On day six the platform was removed and animals swam in the maze for 60 sec. The number of seconds spent in the quadrant where the platform had previously been located was compared to time spent in the other three quadrants. The test began with the rat in the quadrant opposite to the trained platform location. The path and time spent in the quadrant where the platform had previously been placed was recorded. In this part of the water maze, termed the probe test, normal animals typically spend more time in the quadrant where the platform had been previously located than in the other quadrants. The testing procedure used during the four days of locating the hidden platform provides a measure of spatial reference memory, while the probe trial is a measure of the strength of spatial learning (Jeltsch et al., 2001).

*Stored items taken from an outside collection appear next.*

lemma not_embeds_isometrically_l1_Mset:
  assumes inj: "inj_on \<Psi> strings" and nz: "\<forall>\<sigma>\<in>strings. \<Psi> \<sigma> \<noteq> 0"
  shows "\<not> embeds_isometrically_l1 (Mset \<Psi>)"
proof
  assume "embeds_isometrically_l1 (Mset \<Psi>)"
  then obtain F where Fs: "\<forall>m\<in>Mset \<Psi>. summable (\<lambda>n. \<bar>F m n\<bar>)"
    and Fd: "\<forall>m\<in>Mset \<Psi>. \<forall>m'\<in>Mset \<Psi>. (\<Sum>n. \<bar>F m n - F m' n\<bar>) = L1dist m m'"
    unfolding embeds_isometrically_l1_def by blast
  have zM: "(\<lambda>x. 0) \<in> Mset \<Psi>" and dM: "dfun \<in> Mset \<Psi>"
    and fM: "\<sigma> \<in> strings \<Longrightarrow> fsig \<Psi> \<sigma> \<in> Mset \<Psi>" for \<sigma>
    by (auto simp: Mset_def)
  define v where "v m n = F m n - F (\<lambda>x. 0) n" for m n
  note summable_v = summable_abs_embedding_diff[OF Fs zM, folded v_def]
  note overlap_v = suminf_overlap_embedding[OF Fs Fd zM, folded v_def]
  have norm_v: "(\<Sum>n. \<bar>v dfun n\<bar>) = 1"
    using Fd zM dM L1dist_zero_dfun by (simp add: v_def L1dist_commute)
  have "\<bar>v dfun n\<bar> \<le> (1/2) ^ Suc k" for n k
  proof (rule abs_le_of_orthogonal_overlaps[where S = "{\<sigma>. length \<sigma> = Suc k}"
        and y = "\<lambda>\<sigma>. v (fsig \<Psi> \<sigma>)"])
    fix \<sigma> \<tau> :: "bool list"
    assume \<sigma>: "\<sigma> \<in> {\<sigma>. length \<sigma> = Suc k}" and \<tau>: "\<tau> \<in> {\<sigma>. length \<sigma> = Suc k}"
    then have strings: "\<sigma> \<in> strings" "\<tau> \<in> strings"
      by (auto simp: strings_def)
    then show "summable (\<lambda>n. \<bar>v (fsig \<Psi> \<sigma>) n\<bar>)"
      using summable_v fM by blast
    show "(\<Sum>n. overlap (v (fsig \<Psi> \<sigma>)) (v dfun) n) = 2 * (1/2) ^ Suc k"
      using \<sigma> strings nz L1dist_dfun_fsig[of \<Psi> \<sigma>]
      by (simp add: overlap_v fM dM L1dist_commute[of "fsig \<Psi> \<sigma>" dfun]
          L1dist_zero_fsig L1dist_zero_dfun)
    assume "\<sigma> \<noteq> \<tau>"
    then have "\<Psi> \<sigma> \<noteq> \<Psi> \<tau>" "Iv \<sigma> \<inter> Iv \<tau> = {}"
      using \<sigma> \<tau> strings inj Iv_disjoint[of \<sigma> \<tau>] by (auto simp: inj_on_def)
    then show "(\<Sum>n. overlap (v (fsig \<Psi> \<sigma>)) (v (fsig \<Psi> \<tau>)) n) = 0"
      using \<sigma> \<tau> strings nz L1dist_fsig_fsig[of \<Psi> \<sigma> \<tau>]
      by (simp add: overlap_v fM L1dist_zero_fsig)
  next
    show "{\<sigma> :: bool list. length \<sigma> = Suc k} \<noteq> {}"
      using length_replicate[of "Suc k" True] by blast
  qed (use summable_v[OF dM] norm_v in
      \<open>simp_all add: finite_lists_bool_length_eq card_lists_bool_length_eq power_one_over\<close>)
  then have "v dfun = (\<lambda>n. 0)"
    using eq_0_of_abs_le_half_powers by blast
  then show False
    using norm_v by simp
qed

Four-trial radial-arm water maze

After finishing the Morris water maze, the four-trial radial-arm water maze was used to measure spatial learning and memory (Sayin et al., 2004; Mortazavi et al., 2005; Cornejo et al., 2007). The test allows assessment of reference memory and requires a greater memory load than the Morris water maze (Hyde et al., 1998).

Apparatus

The radial-arm maze consisted of eight stainless steel arms (length – 50 cm, width – 15 cm) extending radially from a central area (diameter 40 cm) placed in a stainless-steel circular swimming pool filled with water. One arm was chosen as the target arm, in which a clear plexiglass escape platform was submerged at the end of the arm that allowed the rat to climb atop it, thus exiting the water, and rest. The escape platform remained in a constant position for the duration of the experiment. White paint was added to make the water opaque and prevent the rats from seeing the platform. Cue cards were distributed around the maze and remained constant throughout the experiment.

Behavioral procedures

Each rat was placed in the start arm and the trial continued until the escaped platform was found or until two 120 sec had elapsed. If the rat did not find the platform in two min, it was manually placed on the platform. Rats had a 30 sec rest on the platform before the next trial start. Rats were pre-trained in the maze for two days with five trials per day. The rats were then tested on four consecutive trials per day with four trials per day. The start arm for each trial was determined in a pseudorandom fashion with a given arm used once per day. The goal arm changed every day but remained the same throughout the testing day.

During the radial-arm water maze, each rat was assessed for latency to find the goal arm and memory errors (number of times the rat entered into an incorrect arm or number of times the rat re-entered into an arm during a trial) recorded.

Long-Term Potentiation (LTP)

Starting at P120, a total of 30 rats from the four groups that did not have surgery done at P9 were placed in a stereotaxic frame under urethane anesthesia (1.2 g/kg, ip). Both recording and stimulating electrodes were bipolar 125-µm twisted wires. A stimulating electrode was fixed in the ventral hippocampal commissure (0.14 cm posterior to bregma, 0.05 cm lateral to midline, and 0.38 cm below dura) and a recording electrode was placed in the CA1 subfield of right hippocampus (0.38 cm posterior to bregma, anterior to inter-aural line, 0.25 cm lateral to midline, and 0.2 cm below the dura). The final position for the recording electrode was adjusted based on the shape and amplitude of the field excitatory postsynaptic potential (fEPSP) to maximize amplitude and stability of the waveform.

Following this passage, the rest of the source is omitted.